Search code examples
bashawksed

remove line in text file with bash if the date is older than 30 days


I have a text file that looks like this:

test10 2016-05-30 207
test11 2016-06-01 207
test12 2016-07-20 207
test13 2016-07-21 207
test14 2016-07-25 207

And I want to remove the lines from the text file if that date is older than 30 days. How can I do this?

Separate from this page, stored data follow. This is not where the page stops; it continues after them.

(* Let $w$ be a $\gamma$-stable instance of MAXCUT and let $w'$ be obtained from $w$ by merging two vertices $u,v$ that lie on the same side of $w$'s maximal cut. Then $w'$ is $\gamma$-stable and its maximal cut is the one induced from $w$'s maximal cut.
   Context: An instance of MAXCUT is a finite vertex set $V$ with a symmetric $w:V\times V\to[0,\infty)$ with zero diagonal. A $\gamma$-perturbation of $w$ is $w'$ with $w(a,b)\le w'(a,b)\le\gamma w(a,b)$ for all $a,b$; $w$ is $\gamma$-stable if some cut is maximal for every $\gamma$-perturbation (for $\gamma>1$ this cut is the unique maximal cut). Merging $u,v\in V$ gives the instance on $V'=(V\setminus\{u,v\})\cup\{v'\}$ with $w'(x,y)=w(x,y)$ for $x,y\in V\setminus\{u,v\}$ and $w'(v',x)=w(v,x)+w(u,x)$. The induced cut places $v'$ on the common side of $u,v$ and every other vertex on its original side. *)

theory Defs
  imports Complex_Main
begin

definition maxcut_instance :: "'a set \<Rightarrow> ('a \<Rightarrow> 'a \<Rightarrow> real) \<Rightarrow> bool" where
  "maxcut_instance V w \<longleftrightarrow> finite V \<and>
     (\<forall>a\<in>V. \<forall>b\<in>V. w a b = w b a \<and> 0 \<le> w a b) \<and> (\<forall>a\<in>V. w a a = 0)"

text \<open>A cut is represented by one of its sides S \<subseteq> V (the other side is V - S).\<close>
definition cut_value :: "'a set \<Rightarrow> ('a \<Rightarrow> 'a \<Rightarrow> real) \<Rightarrow> 'a set \<Rightarrow> real" where
  "cut_value V w S = (\<Sum>a\<in>S. \<Sum>b\<in>V - S. w a b)"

I have read some aboud sed but not sure if it can be done or how to go about doing it.


Solution

  • The nice thing about YYYY-MM-DD is that its alpha sort is identical to its sort order as a date object -- so you can just generate a string representing the cutoff date and compare to that.

    If you have GNU date:

    cutoff=$(date -d 'now - 30 days' '+%Y-%m-%d')
    awk -v cutoff="$cutoff" '$2 >= cutoff { print }' <in.txt >out.txt && mv out.txt in.txt
    

    It's also possible to rely on GNU awk (gawk) rather than GNU date:

    gawk -v current="$(date +"%Y %m %d %H %M %S")" \
      'BEGIN {
         cutoff_secs = mktime(current) - (60 * 60 * 24 * 30)
       }
    
       {
         line_secs=mktime(gensub(/-/, " ", "g", $2) " 00 00 00")
         if (line_secs >= cutoff_secs) { print }
       }' <in.txt >out.txt && mv out.txt in.txt
    

    Note that the latter implementation starts at the current time 30 days ago, rather than at the beginning of the day 30 days ago; replace %H %M %S with 00 00 00 if you don't want this behavior.